# WHAT TO DO
Every line of the material below that contains the string "forall" must appear in the answer.

Start of GIVEN DATA

(* Let $f\colon\mathbb{R}^n\to\mathbb{R}$ be continuous and suppose there is $\gamma>0$ such that (i) the set $S_\gamma=\{z\in\mathbb{R}^n : f(z)\le\inf f+\gamma\}$ is compact, and (ii) every $x\in S_\gamma$ with $0\in\partial f(x)$ is a global minimizer of $f$. Let $t\in(0,\infty)$ and let $x\in\mathbb{R}^n$ be a local minimizer of $u(\cdot,t)$. If $t\ge\|x-x^\star\|^2/(2\gamma)$ for some global minimizer $x^\star$ of $f$, then $x$ is a global minimizer of $f$.
   Context: $u(x,t)=\inf_{z\in\mathbb{R}^n}\big(f(z)+\frac{1}{2t}\|z-x\|^2\big)$. The subdifferential $\partial f(\bar x)$ is the set of all $v\in\mathbb{R}^n$ such that $f(x)\ge f(\bar x)+\langle v,x-\bar x\rangle+o(\|x-\bar x\|)$ as $x\to\bar x$. *)

theory Defs
  imports "HOL-Analysis.Analysis" "HOL-Library.Landau_Symbols"
begin

definition moreau_u :: "('a::euclidean_space \<Rightarrow> real) \<Rightarrow> 'a \<Rightarrow> real \<Rightarrow> real" where
  "moreau_u f x t = (INF z. f z + (norm (z - x))^2 / (2 * t))"

definition subdiff :: "('a::euclidean_space \<Rightarrow> real) \<Rightarrow> 'a \<Rightarrow> 'a set" where
  "subdiff f xb = {v. \<exists>g. g \<in> o[at xb](\<lambda>y. norm (y - xb)) \<and>
      (\<forall>\<^sub>F y in at xb. f y \<ge> f xb + v \<bullet> (y - xb) + g y)}"

definition global_minimizer :: "('a \<Rightarrow> real) \<Rightarrow> 'a \<Rightarrow> bool" where
  "global_minimizer f x \<longleftrightarrow> (\<forall>z. f x \<le> f z)"

definition local_minimizer :: "('a::metric_space \<Rightarrow> real) \<Rightarrow> 'a \<Rightarrow> bool" where
  "local_minimizer g x \<longleftrightarrow> (\<exists>e>0. \<forall>y. dist y x < e \<longrightarrow> g x \<le> g y)"

end

theory Submission
  imports Defs
begin

(* At a local minimizer x of u(., t), x is its own proximal point: the infimum defining u(x, t)
   is attained at some z, since the objective is continuous and coercive, and if z were different
   from x, moving x slightly towards z would strictly decrease u. Hence
   f x <= f w + |w - x|^2 / (2t) for all w. The quadratic term is o(|w - x|), so 0 is a
   subgradient at x, and w = xstar together with t >= |x - xstar|^2 / (2 gamma) puts x into the
   sublevel set S_gamma, where hypothesis (ii) applies. *)

lemma moreau_u_le:
  assumes "bdd_below (range f)" and "t \<ge> 0"
  shows "moreau_u f x t \<le> f z + (norm (z - x))^2 / (2 * t)"
proof -
  obtain m where "\<And>w. m \<le> f w" using assms(1) by (auto simp: bdd_below_def)
  then have "\<And>w. m \<le> f w + (norm (w - x))^2 / (2 * t)"
    using assms(2) by (smt (verit) divide_nonneg_nonneg zero_le_power2)
  then have "bdd_below (range (\<lambda>w. f w + (norm (w - x))^2 / (2 * t)))"
    by (meson bdd_belowI2)
  then show ?thesis unfolding moreau_u_def by (rule cINF_lower) simp
qed

lemma moreau_u_eq_attained:
  assumes "\<And>w. f z + (norm (z - x))^2 / (2 * t) \<le> f w + (norm (w - x))^2 / (2 * t)"
  shows "moreau_u f x t = f z + (norm (z - x))^2 / (2 * t)"
  unfolding moreau_u_def by (rule cInf_eq_minimum) (use assms in auto)

lemma moreau_u_attained:
  fixes f :: "'a::euclidean_space \<Rightarrow> real"
  assumes "continuous_on UNIV f" and "bdd_below (range f)" and "t > 0"
  obtains z where "\<And>w. f z + (norm (z - x))^2 / (2 * t) \<le> f w + (norm (w - x))^2 / (2 * t)"
proof -
  define h where "h = (\<lambda>w. f w + (norm (w - x))^2 / (2 * t))"
  obtain m where m: "\<And>w. m \<le> f w" using assms(2) by (auto simp: bdd_below_def)
  define K where "K = {w. h w \<le> h x}"
  have h_cont: "continuous_on UNIV h"
    unfolding h_def using assms(3) by (intro continuous_intros assms(1)) simp
  have "K \<subseteq> cball x (sqrt (2 * t * (h x - m)))"
  proof
    fix w assume "w \<in> K"
    then have "(norm (w - x))^2 / (2 * t) \<le> h x - m"
      using m[of w] unfolding K_def h_def by simp
    then have "(norm (w - x))^2 \<le> 2 * t * (h x - m)"
      using assms(3) by (simp add: divide_le_eq mult.commute)
    then show "w \<in> cball x (sqrt (2 * t * (h x - m)))"
      by (simp add: dist_norm norm_minus_commute real_le_rsqrt)
  qed
  moreover have "closed K"
    unfolding K_def using h_cont by (simp add: closed_Collect_le continuous_on_const)
  ultimately have "compact K"
    using bounded_cball bounded_subset compact_eq_bounded_closed by blast
  moreover have "x \<in> K" unfolding K_def by simp
  ultimately obtain z where "z \<in> K" and z_min: "\<And>w. w \<in> K \<Longrightarrow> h z \<le> h w"
    using continuous_attains_inf[of K h] continuous_on_subset[OF h_cont] by blast
  have "h z \<le> h w" for w
    using \<open>z \<in> K\<close> z_min[of w] by (cases "w \<in> K") (auto simp: K_def)
  then show thesis using that unfolding h_def by blast
qed

lemma local_minimizer_moreau_u_prox_eq:
  assumes "local_minimizer (\<lambda>y. moreau_u f y t) x" and "bdd_below (range f)" and "t > 0"
    and z_min: "\<And>w. f z + (norm (z - x))^2 / (2 * t) \<le> f w + (norm (w - x))^2 / (2 * t)"
  shows "z = x"
proof (rule ccontr)
  assume "z \<noteq> x"
  define n where "n = norm (z - x)"
  have "n > 0" using \<open>z \<noteq> x\<close> n_def by simp
  obtain e where "e > 0" and e_min: "\<And>y. dist y x < e \<Longrightarrow> moreau_u f x t \<le> moreau_u f y t"
    using assms(1) unfolding local_minimizer_def by blast
  define s where "s = min (1/2) (e / (2 * n))"
  have s: "0 < s" "s < 1" "s * n < e"
    using \<open>e > 0\<close> \<open>n > 0\<close> unfolding s_def by (auto simp: min_def field_simps)
  define y where "y = x + s *\<^sub>R (z - x)"
  have "z - y = (1 - s) *\<^sub>R (z - x)" unfolding y_def by (simp add: algebra_simps)
  then have dist_zy: "norm (z - y) = (1 - s) * n" using s unfolding n_def by simp
  have "dist y x < e" unfolding y_def n_def dist_norm using s n_def by simp
  then have "moreau_u f x t \<le> moreau_u f y t" by (rule e_min)
  also have "\<dots> \<le> f z + ((1 - s) * n)^2 / (2 * t)"
    using moreau_u_le[OF assms(2), of t y z] assms(3) dist_zy by simp
  also have "\<dots> < f z + n^2 / (2 * t)"
    using s \<open>n > 0\<close> assms(3) by (intro add_strict_left_mono divide_strict_right_mono power_strict_mono) auto
  also have "\<dots> = moreau_u f x t"
    unfolding n_def by (rule moreau_u_eq_attained[OF z_min, symmetric])
  finally show False by simp
qed

lemma local_minimizer_moreau_u_prox_ineq:
  fixes f :: "'a::euclidean_space \<Rightarrow> real"
  assumes "continuous_on UNIV f" and "bdd_below (range f)" and "t > 0"
    and "local_minimizer (\<lambda>y. moreau_u f y t) x"
  shows "f x \<le> f w + (norm (w - x))^2 / (2 * t)"
proof -
  obtain z where z_min: "\<And>w. f z + (norm (z - x))^2 / (2 * t) \<le> f w + (norm (w - x))^2 / (2 * t)"
    using moreau_u_attained[OF assms(1-3)] by blast
  have "z = x" using local_minimizer_moreau_u_prox_eq[OF assms(4,2,3) z_min] .
  then show ?thesis using z_min[of w] by simp
qed

lemma norm_power2_smallo: "(\<lambda>y. c * (norm (y - x))^2) \<in> o[at x](\<lambda>y. norm (y - x))"
proof (rule smalloI_tendsto)
  have "((\<lambda>y. c * norm (y - x)) \<longlongrightarrow> c * norm (x - x)) (at x)"
    by (intro tendsto_intros)
  moreover have "\<forall>\<^sub>F y in at x. c * norm (y - x) = c * (norm (y - x))^2 / norm (y - x)"
    by (auto simp: eventually_at_filter power2_eq_square)
  ultimately show "((\<lambda>y. c * (norm (y - x))^2 / norm (y - x)) \<longlongrightarrow> 0) (at x)"
    by (simp add: tendsto_cong)
  show "\<forall>\<^sub>F y in at x. norm (y - x) \<noteq> 0"
    by (auto simp: eventually_at_filter)
qed

lemma zero_in_subdiff_if_quadratic_minorant:
  assumes "\<forall>\<^sub>F w in at x. f x \<le> f w + c * (norm (w - x))^2"
  shows "0 \<in> subdiff f x"
  unfolding subdiff_def
proof (intro CollectI exI conjI)
  show "(\<lambda>y. - c * (norm (y - x))^2) \<in> o[at x](\<lambda>y. norm (y - x))"
    by (rule norm_power2_smallo)
  show "\<forall>\<^sub>F y in at x. f x + 0 \<bullet> (y - x) + - c * (norm (y - x))^2 \<le> f y"
    using assms by eventually_elim simp
qed

theorem lemma6:
  fixes f :: "'a::euclidean_space \<Rightarrow> real" and \<gamma> t :: real and x xstar :: 'a
  assumes "continuous_on UNIV f"
    and "\<gamma> > 0"
    and "compact {z. f z \<le> (INF w. f w) + \<gamma>}"
    and "\<forall>y\<in>{z. f z \<le> (INF w. f w) + \<gamma>}. 0 \<in> subdiff f y \<longrightarrow> global_minimizer f y"
    and "t > 0"
    and "local_minimizer (\<lambda>y. moreau_u f y t) x"
    and "global_minimizer f xstar"
    and "t \<ge> (norm (x - xstar))^2 / (2 * \<gamma>)"
  shows "global_minimizer f x"
proof -
  have f_ge: "\<And>w. f xstar \<le> f w" using assms(7) unfolding global_minimizer_def by blast
  then have "bdd_below (range f)" by (meson bdd_belowI2)
  note prox = local_minimizer_moreau_u_prox_ineq[OF assms(1) this assms(5,6)]
  have "0 \<in> subdiff f x"
    using prox by (intro zero_in_subdiff_if_quadratic_minorant[where c = "1 / (2 * t)"]) simp
  moreover have "f x \<le> (INF w. f w) + \<gamma>"
  proof -
    have "(norm (xstar - x))^2 / (2 * t) \<le> \<gamma>"
      using assms(2,5,8) by (simp add: norm_minus_commute divide_le_eq mult_ac)
    moreover have "f xstar \<le> (INF w. f w)" by (rule cINF_greatest) (auto simp: f_ge)
    ultimately show ?thesis using prox[of xstar] by simp
  qed
  ultimately show ?thesis using assms(4) by blast
qed

end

End of GIVEN DATA

# YOUR RESPONSE
      (\<forall>\<^sub>F y in at xb. f y \<ge> f xb + v \<bullet> (y - xb) + g y)}"
  "global_minimizer f x \<longleftrightarrow> (\<forall>z. f x \<le> f z)"
  "local_minimizer g x \<longleftrightarrow> (\<exists>e>0. \<forall>y. dist y x < e \<longrightarrow> g x \<le> g y)"
  moreover have "\<forall>\<^sub>F y in at x. c * norm (y - x) = c * (norm (y - x))^2 / norm (y - x)"
  show "\<forall>\<^sub>F y in at x. norm (y - x) \<noteq> 0"
  assumes "\<forall>\<^sub>F w in at x. f x \<le> f w + c * (norm (w - x))^2"
  show "\<forall>\<^sub>F y in at x. f x + 0 \<bullet> (y - x) + - c * (norm (y - x))^2 \<le> f y"
    and "\<forall>y\<in>{z. f z \<le> (INF w. f w) + \<gamma>}. 0 \<in> subdiff f y \<longrightarrow> global_minimizer f y"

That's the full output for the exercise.